lemma valid_path_append:
  assumes "wf_quiver Q"
  shows "valid_path Q (v, xs @ ys) \<longleftrightarrow> valid_path Q (v, xs) \<and> valid_path Q (path_end Q (v, xs), ys)"
proof (induct xs arbitrary: v)
  case Nil
  show ?case by (auto simp: valid_path_Nil path_end_Nil valid_path_def)
next
  case (Cons a xs)
  then show ?case by (simp add: valid_path_Cons[OF assms] path_end_Cons)
qed

lemma pmul_nonzero:
  assumes "pmul Q f g (v, zs) \<noteq> 0"
  obtains i where "i \<le> length zs" "f (v, take i zs) \<noteq> 0" "g (path_end Q (v, take i zs), drop i zs) \<noteq> 0"
proof -
  obtain i where "i \<in> {..length zs}"
    "f (v, take i zs) * g (path_end Q (v, take i zs), drop i zs) \<noteq> 0"
    using assms unfolding pmul_def by (metis (no_types, lifting) case_prod_conv sum.neutral)
  then show ?thesis using that by auto
qed
lemma (in prob_space) prob_exponential_ge_affine_and_ge:
  assumes indep: "indep_vars (\<lambda>_. lborel) W {0, 1, 2 :: nat}"
    and D: "\<And>i. i \<in> {0, 1, 2} \<Longrightarrow> distributed M lborel (W i) (exponential_density 1)"
    and "0 \<le> s" "0 \<le> t" "0 \<le> k"
  shows "\<P>(\<omega> in M. s + k * W 2 \<omega> \<le> W 0 \<omega> \<and> t \<le> W 1 \<omega>) = exp (- s) / (1 + k) * exp (- t)"
proof -
  \<comment> \<open>Both sides of an indep_var must take values in the same type, so the pair (W 0, W 2) is
    represented by the restriction of W to {0, 2}.\<close>
  let ?V = "\<lambda>J \<omega>. restrict (\<lambda>i. W i \<omega>) J"
  define A where "A = {f \<in> space (PiM {0, 2 :: nat} (\<lambda>_. lborel)). s + k * f 2 \<le> (f 0 :: real)}"
  define B where "B = {f \<in> space (PiM {1 :: nat} (\<lambda>_. lborel)). t \<le> (f 1 :: real)}"
  have "A \<in> sets (PiM {0, 2} (\<lambda>_. lborel))" "B \<in> sets (PiM {1} (\<lambda>_. lborel))"
    unfolding A_def B_def by measurable
  moreover have "indep_var (PiM {0, 2} (\<lambda>_. lborel)) (?V {0, 2}) (PiM {1} (\<lambda>_. lborel)) (?V {1})"
    using indep by (rule indep_var_restrict) auto
  ultimately have "prob ((\<lambda>\<omega>. (?V {0, 2} \<omega>, ?V {1} \<omega>)) -` (A \<times> B) \<inter> space M)
      = prob (?V {0, 2} -` A \<inter> space M) * prob (?V {1} -` B \<inter> space M)"
    by (intro indep_varD)
  moreover have "(\<lambda>\<omega>. (?V {0, 2} \<omega>, ?V {1} \<omega>)) -` (A \<times> B) \<inter> space M
      = {\<omega> \<in> space M. s + k * W 2 \<omega> \<le> W 0 \<omega> \<and> t \<le> W 1 \<omega>}"
    "?V {0, 2} -` A \<inter> space M = {\<omega> \<in> space M. s + k * W 2 \<omega> \<le> W 0 \<omega>}"
    "?V {1} -` B \<inter> space M = {\<omega> \<in> space M. t \<le> W 1 \<omega>}"
    by (auto simp: A_def B_def space_PiM)
  moreover have "\<P>(\<omega> in M. s + k * W 2 \<omega> \<le> W 0 \<omega>) = exp (- s) / (1 + k)"
    using prob_exponential_ge_affine[OF D D indep_vars_indep_var[OF indep]] assms(3-) by simp
  moreover have "\<P>(\<omega> in M. t \<le> W 1 \<omega>) = exp (- t)"
    using exponential_distributedD_ge[OF D] assms(4) by simp
  ultimately show ?thesis
    by simp
qed

lemma secrecy_cap2_less_iff:
  fixes a b e :: complex
  assumes R: "0 < R" and \<alpha>: "0 < \<alpha>" and \<beta>: "0 < \<beta>" and g: "0 < g"
  shows "secrecy_cap2 \<alpha> \<beta> g a b e < R \<longleftrightarrow>
    \<not> ((2 powr R - 1) / (\<alpha> * g) + 2 powr R / \<beta> * (cmod e)\<^sup>2 \<le> (cmod a)\<^sup>2
       \<and> (2 powr R - 1) / g \<le> (cmod b)\<^sup>2)"
proof -
  define x y z where "x = (cmod a)\<^sup>2" and "y = (cmod b)\<^sup>2" and "z = (cmod e)\<^sup>2"
  have "0 \<le> x" "0 \<le> y" "0 \<le> z"
    by (simp_all add: x_def y_def z_def)
  then have pos: "0 < 1 + \<alpha> * g * x" "0 < 1 + \<alpha> * g / \<beta> * z" "0 < 1 + g * y"
    using \<alpha> \<beta> g by (simp_all add: add_pos_nonneg)
  have "R \<le> log 2 ((1 + \<alpha> * g * x) / (1 + \<alpha> * g / \<beta> * z))
      \<longleftrightarrow> 2 powr R * (1 + \<alpha> * g / \<beta> * z) \<le> 1 + \<alpha> * g * x"
    using pos by (simp add: le_log_iff pos_le_divide_eq)
  also have "\<dots> \<longleftrightarrow> (2 powr R - 1) / (\<alpha> * g) + 2 powr R / \<beta> * z \<le> x"
    using \<alpha> \<beta> g by (simp add: field_simps)
  finally have SR: "R \<le> log 2 ((1 + \<alpha> * g * x) / (1 + \<alpha> * g / \<beta> * z))
      \<longleftrightarrow> (2 powr R - 1) / (\<alpha> * g) + 2 powr R / \<beta> * z \<le> x" .
  have RD: "R \<le> log 2 (1 + g * y) \<longleftrightarrow> (2 powr R - 1) / g \<le> y"
    using pos g by (simp add: le_log_iff pos_divide_le_eq algebra_simps)
  show ?thesis
    using R SR RD by (auto simp: secrecy_cap2_def Let_def x_def y_def z_def)
qed

lemma (in prob_space) outage_prob2_eq:
  assumes R: "0 < R" and \<alpha>: "0 < \<alpha>" and \<beta>: "0 < \<beta>" and \<gamma>D: "0 < \<gamma>D"
    and DSR: "distributed M lborel hSR (\<lambda>z. ennreal (cn01_density z))"
    and DRD: "distributed M lborel hRD (\<lambda>z. ennreal (cn01_density z))"
    and DSE: "distributed M lborel hSE (\<lambda>z. ennreal (cn01_density z))"
    and indep: "indep_vars (\<lambda>_. borel)
      (\<lambda>i::nat. if i = 0 then hSR else if i = 1 then hRD else hSE) {0, 1, 2}"
  shows "outage_prob2 M \<alpha> \<beta> R hSR hRD hSE \<gamma>D
    = 1 - exp (- ((2 powr R - 1) * (1 + 1 / \<alpha>) / \<gamma>D)) / (1 + (1 / \<beta>) * 2 powr R)"
proof -
  define W where
    "W i \<omega> = (cmod ((if i = 0 then hSR else if i = 1 then hRD else hSE) \<omega>))\<^sup>2" for i :: nat and \<omega>
  have indep_W: "indep_vars (\<lambda>_. lborel) W {0, 1, 2}"
    unfolding W_def by (rule indep_vars_compose2[OF indep]) simp
  have D: "distributed M lborel (W i) (exponential_density 1)" if "i \<in> {0, 1, 2}" for i
    using that distributed_cmod_sq_cn01[OF DSR] distributed_cmod_sq_cn01[OF DRD]
      distributed_cmod_sq_cn01[OF DSE]
    by (auto simp: W_def[abs_def])
  have [measurable]: "W 0 \<in> borel_measurable M" "W 1 \<in> borel_measurable M" "W 2 \<in> borel_measurable M"
    using distributed_measurable[OF D] by simp_all
  let ?c = "2 powr R - 1"
  have "0 < ?c"
    using R by simp
  have "outage_prob2 M \<alpha> \<beta> R hSR hRD hSE \<gamma>D
      = \<P>(\<omega> in M. \<not> (?c / (\<alpha> * \<gamma>D) + 2 powr R / \<beta> * W 2 \<omega> \<le> W 0 \<omega> \<and> ?c / \<gamma>D \<le> W 1 \<omega>))"
    unfolding outage_prob2_def using secrecy_cap2_less_iff[OF R \<alpha> \<beta> \<gamma>D] by (simp add: W_def)
  also have "\<dots> = 1 - \<P>(\<omega> in M.
      ?c / (\<alpha> * \<gamma>D) + 2 powr R / \<beta> * W 2 \<omega> \<le> W 0 \<omega> \<and> ?c / \<gamma>D \<le> W 1 \<omega>)"
    by (rule prob_neg) measurable
  also have "\<dots> = 1 - exp (- (?c / (\<alpha> * \<gamma>D))) / (1 + 2 powr R / \<beta>) * exp (- (?c / \<gamma>D))"
    using \<open>0 < ?c\<close> \<alpha> \<beta> \<gamma>D
    by (subst prob_exponential_ge_affine_and_ge[OF indep_W D]) simp_all
  also have "\<dots> = 1 - exp (- ((2 powr R - 1) * (1 + 1 / \<alpha>) / \<gamma>D)) / (1 + (1 / \<beta>) * 2 powr R)"
    using \<alpha> \<gamma>D by (simp add: exp_add[symmetric] field_simps)
  finally show ?thesis .
qed

theorem theorem6:
  fixes M :: "'a measure" and hSR hRD hSE :: "'a \<Rightarrow> complex"
    and R \<alpha> \<beta> :: real
  assumes "prob_space M"
    and "R > 0" and "\<alpha> > 0" and "\<beta> > 0"
    and "distributed M lborel hSR (\<lambda>z. ennreal (cn01_density z))"
    and "distributed M lborel hRD (\<lambda>z. ennreal (cn01_density z))"
    and "distributed M lborel hSE (\<lambda>z. ennreal (cn01_density z))"
    and "prob_space.indep_vars M (\<lambda>_. borel)
           (\<lambda>i::nat. if i = 0 then hSR else if i = 1 then hRD else hSE) {0, 1, 2}"
  shows "(outage_prob2 M \<alpha> \<beta> R hSR hRD hSE \<longlongrightarrow> 1 - 1 / (1 + (1/\<beta>) * 2 powr R)) at_top
       \<and> ((\<lambda>\<gamma>D. \<gamma>D * (outage_prob2 M \<alpha> \<beta> R hSR hRD hSE \<gamma>D - (1 - 1 / (1 + (1/\<beta>) * 2 powr R))))
            \<longlongrightarrow> (2 powr R - 1) * (1 + 1/\<alpha>) / (1 + (1/\<beta>) * 2 powr R)) at_top"
proof -
  interpret prob_space M by fact
  define K where "K = 1 + (1/\<beta>) * 2 powr R"
  define d where "d = (2 powr R - 1) * (1 + 1/\<alpha>)"
  have closed_form:
    "\<forall>\<^sub>F \<gamma> in at_top. outage_prob2 M \<alpha> \<beta> R hSR hRD hSE \<gamma> = 1 - exp (- (d / \<gamma>)) / K"
    using eventually_gt_at_top[of 0]
    by eventually_elim (simp add: outage_prob2_eq[OF assms(2-4) _ assms(5-)] d_def K_def)
  have "0 < K"
    using assms(4) by (simp add: K_def add_pos_nonneg)
  have "((\<lambda>\<gamma>. exp (- (d / \<gamma>))) \<longlongrightarrow> 1) at_top"
    by real_asymp
  then have "((\<lambda>\<gamma>. 1 - exp (- (d / \<gamma>)) / K) \<longlongrightarrow> 1 - 1 / K) at_top"
    using \<open>0 < K\<close> by (intro tendsto_intros) auto
  moreover have "((\<lambda>\<gamma>. \<gamma> * (1 - exp (- (d / \<gamma>)))) \<longlongrightarrow> d) at_top"
    by real_asymp
  then have "((\<lambda>\<gamma>. \<gamma> * (1 - exp (- (d / \<gamma>))) / K) \<longlongrightarrow> d / K) at_top"
    using \<open>0 < K\<close> by (intro tendsto_intros) auto
  then have "((\<lambda>\<gamma>. \<gamma> * ((1 - exp (- (d / \<gamma>)) / K) - (1 - 1 / K))) \<longlongrightarrow> d / K) at_top"
    by (simp add: diff_divide_distrib[symmetric])
  ultimately show ?thesis
    unfolding K_def[symmetric] d_def[symmetric]
    using closed_form by (auto elim: tendsto_cong[THEN iffD1, rotated] simp: eventually_mono)
qed

end
(* Let $\mathbf{\Omega}_1=\{\mathbf{x}\in\mathbb{R}^n: g_{1,\ell}(\mathbf{x})\ge0,\ \ell=1,\ldots,m_1\}$ and $\mathbf{\Omega}_2=\{\mathbf{u}\in\mathbb{R}^p: g_{2,\ell}(\mathbf{u})\ge0,\ \ell=1,\ldots,m_2\}$ with polynomials $g_{1,\ell}\in\mathbb{R}[\mathbf{x}]$, $g_{2,\ell}\in\mathbb{R}[\mathbf{u}]$, and let $\lambda$ be the Lebesgue measure on $\mathbf{\Omega}_1$. Let $f\in\mathbb{R}[\mathbf{x},\mathbf{u}]$, let $F:\mathbf{\Omega}_1\to\mathbb{R}$, $F(\mathbf{x})=\min\{f(\mathbf{x},\mathbf{u}):\mathbf{u}\in\mathbf{\Omega}_2\}$, and $\mathbf{G}=\{\mathbf{x}\in\mathbf{\Omega}_1: f(\mathbf{x},\mathbf{u})\ge0\ \forall\mathbf{u}\in\mathbf{\Omega}_2\}$. Assume $\mathbf{\Omega}_1\times\mathbf{\Omega}_2$ is compact (and nonempty) and that the quadratic module in $\mathbb{R}[\mathbf{x},\mathbf{u}]$ generated by $g_{1,1},\ldots,g_{1,m_1},g_{2,1},\ldots,g_{2,m_2}$ is Archimedean. For $d\in\mathbb{N}$ consider $$\rho_d=\sup_{p\in\mathbb{R}[\mathbf{x}]_{2d}}\Big\{\int_{\mathbf{\Omega}_1}p\,d\lambda:\ f(\mathbf{x},\mathbf{u})-p(\mathbf{x})=\sigma_0(\mathbf{x},\mathbf{u})+\sum_{\ell=1}^{m_1}\sigma_{1,\ell}(\mathbf{x},\mathbf{u})g_{1,\ell}(\mathbf{x})+\sum_{\ell=1}^{m_2}\sigma_{2,\ell}(\mathbf{x},\mathbf{u})g_{2,\ell}(\mathbf{u}),\ \sigma_0\in\Sigma[\mathbf{x},\mathbf{u}]_d,\ \sigma_{i,\ell}\in\Sigma[\mathbf{x},\mathbf{u}]_{d-d_{i,\ell}}\Big\},$$ where $d_{i,\ell}=\lceil\deg(g_{i,\ell})/2\rceil$, and assume that for all sufficiently large $d$ this program has an optimal solution $p_d$. Let $\mathbf{G}_d=\{\mathbf{x}\in\mathbf{\Omega}_1: p_d(\mathbf{x})\ge0\}$ (so that $\mathbf{G}_d\subset\mathbf{G}$). If $\lambda(\{\mathbf{x}\in\mathbf{\Omega}_1:F(\mathbf{x})=0\})=0$, then $$\lim_{d\to\infty}\int_{\mathbf{\Omega}_1}|F-p_d|\,d\lambda=0\quad\text{and}\quad\lim_{d\to\infty}\lambda(\mathbf{G}\setminus\mathbf{G}_d)=0.$$
   Context: $\mathbb{R}[\mathbf{x}]_{k}$ denotes polynomials of degree at most $k$. $\Sigma[\mathbf{x},\mathbf{u}]_k$ denotes the set of sums of squares of polynomials in $(\mathbf{x},\mathbf{u})$ of degree at most $k$ (SOS polynomials of degree at most $2k$). The quadratic module generated by polynomials $h_1,\ldots,h_r$ is $\{\sigma_0+\sum_i\sigma_ih_i:\sigma_i\text{ SOS}\}$; it is Archimedean if it contains $M-\|(\mathbf{x},\mathbf{u})\|^2$ for some $M>0$. *)

theory Defs
  imports "HOL-Analysis.Analysis"
begin

definition mono_deg :: "('i::finite \<Rightarrow> nat) \<Rightarrow> nat" where
  "mono_deg \<alpha> = (\<Sum>i\<in>UNIV. \<alpha> i)"

definition monom :: "('i::finite \<Rightarrow> nat) \<Rightarrow> real^'i \<Rightarrow> real" where
  "monom \<alpha> x = (\<Prod>i\<in>UNIV. (x $ i) ^ \<alpha> i)"

definition poly_le :: "nat \<Rightarrow> (real^'i::finite \<Rightarrow> real) \<Rightarrow> bool" where
  "poly_le k h \<longleftrightarrow> (\<exists>c :: ('i \<Rightarrow> nat) \<Rightarrow> real.
      finite {\<alpha>. c \<alpha> \<noteq> 0} \<and> (\<forall>\<alpha>. c \<alpha> \<noteq> 0 \<longrightarrow> mono_deg \<alpha> \<le> k) \<and>
      (\<forall>x. h x = (\<Sum>\<alpha>\<in>{\<alpha>. c \<alpha> \<noteq> 0}. c \<alpha> * monom \<alpha> x)))"

definition is_poly :: "(real^'i::finite \<Rightarrow> real) \<Rightarrow> bool" where
  "is_poly h \<longleftrightarrow> (\<exists>k. poly_le k h)"

definition pdeg :: "(real^'i::finite \<Rightarrow> real) \<Rightarrow> nat" where
  "pdeg h = (LEAST k. poly_le k h)"

definition poly2_le :: "nat \<Rightarrow> (real^'n::finite \<Rightarrow> real^'p::finite \<Rightarrow> real) \<Rightarrow> bool" where
  "poly2_le k h \<longleftrightarrow> (\<exists>c :: (('n \<Rightarrow> nat) \<times> ('p \<Rightarrow> nat)) \<Rightarrow> real.
      finite {\<gamma>. c \<gamma> \<noteq> 0} \<and> (\<forall>\<alpha> \<beta>. c (\<alpha>, \<beta>) \<noteq> 0 \<longrightarrow> mono_deg \<alpha> + mono_deg \<beta> \<le> k) \<and>
      (\<forall>x u. h x u = (\<Sum>\<gamma>\<in>{\<gamma>. c \<gamma> \<noteq> 0}. c \<gamma> * monom (fst \<gamma>) x * monom (snd \<gamma>) u)))"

****

Exercise aim ->
From the line containing "(LEAST k. poly_le" to the final line of the data, repeat each line exactly. Include both ends.

Your solution ->
  "pdeg h = (LEAST k. poly_le k h)"

definition poly2_le :: "nat \<Rightarrow> (real^'n::finite \<Rightarrow> real^'p::finite \<Rightarrow> real) \<Rightarrow> bool" where
  "poly2_le k h \<longleftrightarrow> (\<exists>c :: (('n \<Rightarrow> nat) \<times> ('p \<Rightarrow> nat)) \<Rightarrow> real.
      finite {\<gamma>. c \<gamma> \<noteq> 0} \<and> (\<forall>\<alpha> \<beta>. c (\<alpha>, \<beta>) \<noteq> 0 \<longrightarrow> mono_deg \<alpha> + mono_deg \<beta> \<le> k) \<and>
      (\<forall>x u. h x u = (\<Sum>\<gamma>\<in>{\<gamma>. c \<gamma> \<noteq> 0}. c \<gamma> * monom (fst \<gamma>) x * monom (snd \<gamma>) u)))"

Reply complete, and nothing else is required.